Le roman est clairement divisé en trois parties dont chacune se centre sur un personnage. La première partie se déroule durant l’été 1958. Eddie, 16 ans, arrive dans les Hamptons avec une idée assez floue du job d’été qu’il devra assumer: assistant et chauffeur de l’écrivain Ted Cole. Il apparaît très vite que Ted n’a engagé Eddie que pour « l’offrir » à Marion qui s’en empare sans honte, retrouvant auprès de lui une féminité éteinte. Au milieu du couple qui se déchire, Eddie n’est qu’un témoin, à peine un acteur puisque tout le monde écrit à l’avance son rôle, dont il assume le poids avec résignation. La deuxième partie débute en 1990. Ruth est adulte, romancière à succès, et elle tergiverse sur la proposition de mariage d’Allan. Sur le point de débuter un nouveau roman, elle s’embarque dans une aventure bien peu recommandable. La dernière partie se tient en 1995 et introduit le personnage d’Harry Hoekstra, policier d’Amsterdam, qui cherche le témoin anonyme d’un meurtre sordide. Si Ruth ne semble être le personnage principal que de la deuxième partie du livre, tout tourne autour d’elle. De son enfance à ses mariages, elle est au centre de tout.

Au récit propre se mêlent des extraits ou des textes entiers des personnages auteurs. Les trois contes de Ted Cole (La souris qui rampait entre les cloisons, La trappe dans le plancher et Le bruit de quelqu’un qui essaie de ne pas faire de bruit) illustrent des situations dans lesquelles Ruth est plongée: ils entourent les terreurs d’une brume d’irréalité, ils subliment la peur et lui refusent le droit de s’installer, s’imposent comme une fuite du réel vers l’imaginaire. De même, les premiers chapitres des livres de Ruth prennent pied dans le récit et font écho à ses propres expériences. Elle à qui les lecteurs reprochent d’écrire sur des faits qu’elle n’a pas vécu (mariage, veuvage, grossesse, divorce, etc.) finit par être l’illustration même des textes qu’elle a écrit. Elle devient cette « veuve pour un an », cette veuve de papier qu’on lui a reproché de décrire.  Il y aussi tout un chapitre qui reprend les épanchements de Ruth dans son journal intime. Faute de connaître le personnage, on connaît ses pensées. Enfin, quelques chapitres des textes de Marion offrent une variation sur le thème des enfants disparus. Ils sont l’exutoire dans lequel la mère blessée tente de retrouver pied.

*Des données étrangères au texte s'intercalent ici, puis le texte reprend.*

lemma integral_sin_nx_cis_0_2pi:
  fixes k :: nat and n :: int
  assumes "n \<noteq> int k" and "n \<noteq> - int k"
  shows "integral {0..2*pi} (\<lambda>t. complex_of_real (sin (real k * t)) * cis (- (of_int n * t))) = 0"
proof -
  have integrand: "(\<lambda>t. complex_of_real (sin (real k * t)) * cis (- (of_int n * t)))
      = (\<lambda>t. (\<i> / 2) * (cis (of_int (- int k - n) * t) - cis (of_int (int k - n) * t)))"
    by (simp add: fun_eq_iff complex_eq_iff field_simps sin_add cos_add sin_diff cos_diff)
  have integrable: "(\<lambda>t. cis (of_int m * t)) integrable_on {0..2*pi}" for m :: int
    by (intro integrable_continuous_interval continuous_intros)
  show ?thesis
    unfolding integrand integral_mult_right integral_diff[OF integrable integrable]
    using assms integral_cis_nx_0_2pi[of "- int k - n"] integral_cis_nx_0_2pi[of "int k - n"]
    by simp
qed

text \<open>Integrals over boxes in \<real>^2 are transported to \<real> \<times> \<real>, where Fubini
  (integral_prod_continuous) is available.\<close>

definition pair_of_vec2 :: "real^2 \<Rightarrow> real \<times> real" where
  "pair_of_vec2 x = (x$1, x$2)"

definition vec2_of_pair :: "real \<times> real \<Rightarrow> real^2" where
  "vec2_of_pair z = (\<chi> i. if i = 1 then fst z else snd z)"

lemma vec2_of_pair_inverse [simp]: "vec2_of_pair (pair_of_vec2 x) = x"
  by (simp add: vec2_of_pair_def pair_of_vec2_def vec_eq_iff forall_2)

lemma pair_of_vec2_inverse [simp]: "pair_of_vec2 (vec2_of_pair z) = z"
  by (simp add: vec2_of_pair_def pair_of_vec2_def)

lemma image_pair_of_vec2: "pair_of_vec2 ` A = vec2_of_pair -` A"
  by (auto simp: image_iff) (metis vec2_of_pair_inverse pair_of_vec2_inverse)

lemma image_vec2_of_pair: "vec2_of_pair ` B = pair_of_vec2 -` B"
  by (auto simp: image_iff) (metis vec2_of_pair_inverse pair_of_vec2_inverse)

lemma exists_2: "(\<exists>i::2. P i) \<longleftrightarrow> P 1 \<or> P 2"
  using forall_2[of "\<lambda>i. \<not> P i"] by blast

lemma pair_of_vec2_cbox: "pair_of_vec2 ` cbox u v = cbox (pair_of_vec2 u) (pair_of_vec2 v)"
  unfolding image_pair_of_vec2 set_eq_iff split_paired_All
  by (simp add: vec2_of_pair_def pair_of_vec2_def mem_box_cart forall_2)

lemma vec2_of_pair_cbox: "vec2_of_pair ` cbox a b = cbox (vec2_of_pair a) (vec2_of_pair b)"
  unfolding image_vec2_of_pair set_eq_iff
  by (cases a; cases b) (simp add: vec2_of_pair_def pair_of_vec2_def mem_box_cart forall_2)

lemma measure_pair_of_vec2_cbox: "measure lborel (pair_of_vec2 ` cbox u v) = measure lborel (cbox u v)"
proof -
  have "measure lborel (pair_of_vec2 ` cbox u v)
      = measure lborel (cbox (u$1) (v$1)) * measure lborel (cbox (u$2) (v$2))"
    unfolding pair_of_vec2_cbox by (simp add: pair_of_vec2_def content_Pair)
  also have "\<dots> = measure lborel (cbox u v)"
    by (auto simp: content_cbox_if_cart interval_eq_empty_cart UNIV_2 exists_2 content_real_if)
  finally show ?thesis .
qed
(* Let $\{(g^\omega,p^\omega):\omega\in\Omega\}$ be a family of mechanisms such that for all $\omega$ and all inputs, $g^\omega_{ij}\in[0,1]$, $\sum_i g^\omega_{ij}\le1$, $p^\omega_i\ge0$ and $p^\omega_i(b,x,y)\le\sum_j g^\omega_{ij}(b,x,y)b_{ij}$; let $\mathcal U$ and $\mathcal P$ be the induced utility and payment classes. Assume every bidder's valuation satisfies $v_i(S)=\sum_{j\in S}v_{ij}\le1$ for all $S\subseteq[m]$. Let $(v^{(l)},x^{(l)},y^{(l)})$, $l=1,\dots,L$, be i.i.d. samples from the distribution $\mathbb P$ of $(v,x,y)$. Let $\delta\in(0,1)$ and let $\epsilon>0$ satisfy $$\epsilon\ge\sqrt{\frac{9n^2}{2L}\Big(\log\frac4\delta+\max\Big\{\log\mathcal N_{\infty,1}\big(\mathcal P,\tfrac\epsilon3\big),\log\mathcal N_{\infty,1}\big(\mathcal U,\tfrac\epsilon6\big)\Big\}\Big)}.$$ Then with probability at least $1-\delta$, simultaneously for all $\omega\in\Omega$, $$\Big|\mathbb E\Big[\sum_{i=1}^np_i^\omega(v,x,y)\Big]-\frac1L\sum_{l=1}^L\sum_{i=1}^np_i^\omega(v^{(l)},x^{(l)},y^{(l)})\Big|\le\epsilon$$ and $$\Big|\mathbb E\Big[\sum_{i=1}^n reg_i^\omega(v,x,y)\Big]-\sum_{i=1}^n\widehat{reg}_i(\omega)\Big|\le\epsilon .$$
   Context: Setup: $n$ bidders, $m$ items, bidder contexts $x\in\mathcal X^n$, item contexts $y\in\mathcal Y^m$, valuation/bid matrices $v\in\mathcal V^{n\times m}$, $\mathcal V\subseteq\mathbb R_{\ge0}$; $(v_i',v_{-i})$ is $v$ with row $i$ replaced by $v_i'$. A mechanism $(g^\omega,p^\omega)$ has $g^\omega:\mathcal V^{n\times m}\times\mathcal X^n\times\mathcal Y^m\to\mathbb R^{n\times m}$ and $p^\omega:\mathcal V^{n\times m}\times\mathcal X^n\times\mathcal Y^m\to\mathbb R^n$; utility $u^\omega_i(v_i,b,x,y)=\sum_jg^\omega_{ij}(b,x,y)v_{ij}-p^\omega_i(b,x,y)$; ex-post regret $reg^\omega_i(v,x,y)=\max_{b_i'\in\mathcal V^m}u^\omega_i(v_i,(b_i',v_{-i}),x,y)-u^\omega_i(v_i,v,x,y)$; empirical regret $\widehat{reg}_i(\omega)=\frac1L\sum_{l=1}^L reg_i^\omega(v^{(l)},x^{(l)},y^{(l)})$. $\mathcal U=\{u^\omega:\omega\in\Omega\}$, $\mathcal P=\{p^\omega:\omega\in\Omega\}$. Distances: $l_{\infty,1}(p,p')=\sup_{(v,x,y)}\sum_i|p_i(v,x,y)-p'_i(v,x,y)|$, $l_{\infty,1}(u,u')=\sup_{(v,v',x,y)}\sum_i|u_i(v_i,(v_i',v_{-i}),x,y)-u'_i(v_i,(v_i',v_{-i}),x,y)|$. $\mathcal N_{\infty,1}(\mathcal F,r)$ is the minimum number of open $l_{\infty,1}$-balls of radius $r$ centered at elements of $\mathcal F$ needed to cover $\mathcal F$ (assumed finite). Maxima are assumed attained and all functions measurable. *)

theory Defs
  imports "HOL-Probability.Probability"
begin

text \<open>Bidders are indexed by a finite type 'n (n = CARD('n)), items by a finite type 'm
 (m = CARD('m)). A valuation/bid matrix is a function 'n => 'm => real; row i is v i,
 and (v_i', v_{-i}) is v(i := v_i'). Bidder contexts are 'n => 'x, item contexts 'm => 'y.\<close>

definition mat_dom :: "real set \<Rightarrow> ('n \<Rightarrow> 'm \<Rightarrow> real) set" where
  "mat_dom V = {v. \<forall>i j. v i j \<in> V}"

definition row_dom :: "real set \<Rightarrow> ('m \<Rightarrow> real) set" where
  "row_dom V = {b. \<forall>j. b j \<in> V}"

definition util ::
  "('w \<Rightarrow> ('n \<Rightarrow> 'm \<Rightarrow> real) \<Rightarrow> ('n \<Rightarrow> 'x) \<Rightarrow> ('m \<Rightarrow> 'y) \<Rightarrow> 'n \<Rightarrow> 'm \<Rightarrow> real)
   \<Rightarrow> ('w \<Rightarrow> ('n \<Rightarrow> 'm \<Rightarrow> real) \<Rightarrow> ('n \<Rightarrow> 'x) \<Rightarrow> ('m \<Rightarrow> 'y) \<Rightarrow> 'n \<Rightarrow> real)
   \<Rightarrow> 'w \<Rightarrow> 'n \<Rightarrow> ('m::finite \<Rightarrow> real) \<Rightarrow> ('n \<Rightarrow> 'm \<Rightarrow> real) \<Rightarrow> ('n \<Rightarrow> 'x) \<Rightarrow> ('m \<Rightarrow> 'y) \<Rightarrow> real"
  where
  "util g p w i vi b x y = (\<Sum>j\<in>UNIV. g w b x y i j * vi j) - p w b x y i"

text \<open>ex-post regret reg^w_i(v,x,y) (the max over misreports b_i' in V^m is written as a Sup;
 attainment is a hypothesis of the theorem)\<close>
definition regret ::
  "real set
   \<Rightarrow> ('w \<Rightarrow> ('n \<Rightarrow> 'm \<Rightarrow> real) \<Rightarrow> ('n \<Rightarrow> 'x) \<Rightarrow> ('m \<Rightarrow> 'y) \<Rightarrow> 'n \<Rightarrow> 'm \<Rightarrow> real)
   \<Rightarrow> ('w \<Rightarrow> ('n \<Rightarrow> 'm \<Rightarrow> real) \<Rightarrow> ('n \<Rightarrow> 'x) \<Rightarrow> ('m \<Rightarrow> 'y) \<Rightarrow> 'n \<Rightarrow> real)
   \<Rightarrow> 'w \<Rightarrow> 'n \<Rightarrow> ('n \<Rightarrow> 'm::finite \<Rightarrow> real) \<Rightarrow> ('n \<Rightarrow> 'x) \<Rightarrow> ('m \<Rightarrow> 'y) \<Rightarrow> real"
  where
  "regret V g p w i v x y =
     (SUP b'\<in>row_dom V. util g p w i (v i) (v(i := b')) x y) - util g p w i (v i) v x y"

definition dist_pay ::
  "real set \<Rightarrow> (('n \<Rightarrow> 'm \<Rightarrow> real) \<Rightarrow> ('n \<Rightarrow> 'x) \<Rightarrow> ('m \<Rightarrow> 'y) \<Rightarrow> 'n::finite \<Rightarrow> real)
   \<Rightarrow> (('n \<Rightarrow> 'm \<Rightarrow> real) \<Rightarrow> ('n \<Rightarrow> 'x) \<Rightarrow> ('m \<Rightarrow> 'y) \<Rightarrow> 'n \<Rightarrow> real) \<Rightarrow> ereal"
  where
  "dist_pay V q q' =
     (SUP (v, x, y) \<in> mat_dom V \<times> UNIV \<times> UNIV. ereal (\<Sum>i\<in>UNIV. \<bar>q v x y i - q' v x y i\<bar>))"

definition dist_util ::
  "real set \<Rightarrow> ('n::finite \<Rightarrow> ('m \<Rightarrow> real) \<Rightarrow> ('n \<Rightarrow> 'm \<Rightarrow> real) \<Rightarrow> ('n \<Rightarrow> 'x) \<Rightarrow> ('m \<Rightarrow> 'y) \<Rightarrow> real)
   \<Rightarrow> ('n \<Rightarrow> ('m \<Rightarrow> real) \<Rightarrow> ('n \<Rightarrow> 'm \<Rightarrow> real) \<Rightarrow> ('n \<Rightarrow> 'x) \<Rightarrow> ('m \<Rightarrow> 'y) \<Rightarrow> real) \<Rightarrow> ereal"
  where
  "dist_util V u u' =
     (SUP (v, v', x, y) \<in> mat_dom V \<times> mat_dom V \<times> UNIV \<times> UNIV.
        ereal (\<Sum>i\<in>UNIV. \<bar>u i (v i) (v(i := v' i)) x y - u' i (v i) (v(i := v' i)) x y\<bar>))"

definition is_cover :: "('f \<Rightarrow> 'f \<Rightarrow> ereal) \<Rightarrow> 'f set \<Rightarrow> real \<Rightarrow> 'f set \<Rightarrow> bool" where
  "is_cover d F r C \<longleftrightarrow> finite C \<and> C \<subseteq> F \<and> F \<subseteq> (\<Union>c\<in>C. {f\<in>F. d c f < ereal r})"

definition covering_number :: "('f \<Rightarrow> 'f \<Rightarrow> ereal) \<Rightarrow> 'f set \<Rightarrow> real \<Rightarrow> nat" where
  "covering_number d F r = (LEAST k. \<exists>C. is_cover d F r C \<and> card C = k)"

La langue de John Irving est savoureuse: elle allie des descriptions minutieuses voire cliniques à un langage grossier et trivial qu’enrobe parfois une poésie folle. L’auteur manie la prétérition et les effets d’annonce avec talent. Le récit n’est qu’un constant développement de détails, une retouche infinie de situations. Il me semble aussi que le texte est une variation autour de la quête: celle d’un adolescent après son premier amour, celle d’une mère après ses enfants, celle d’une romancière après son œuvre, celle d’un policier après la vérité, etc.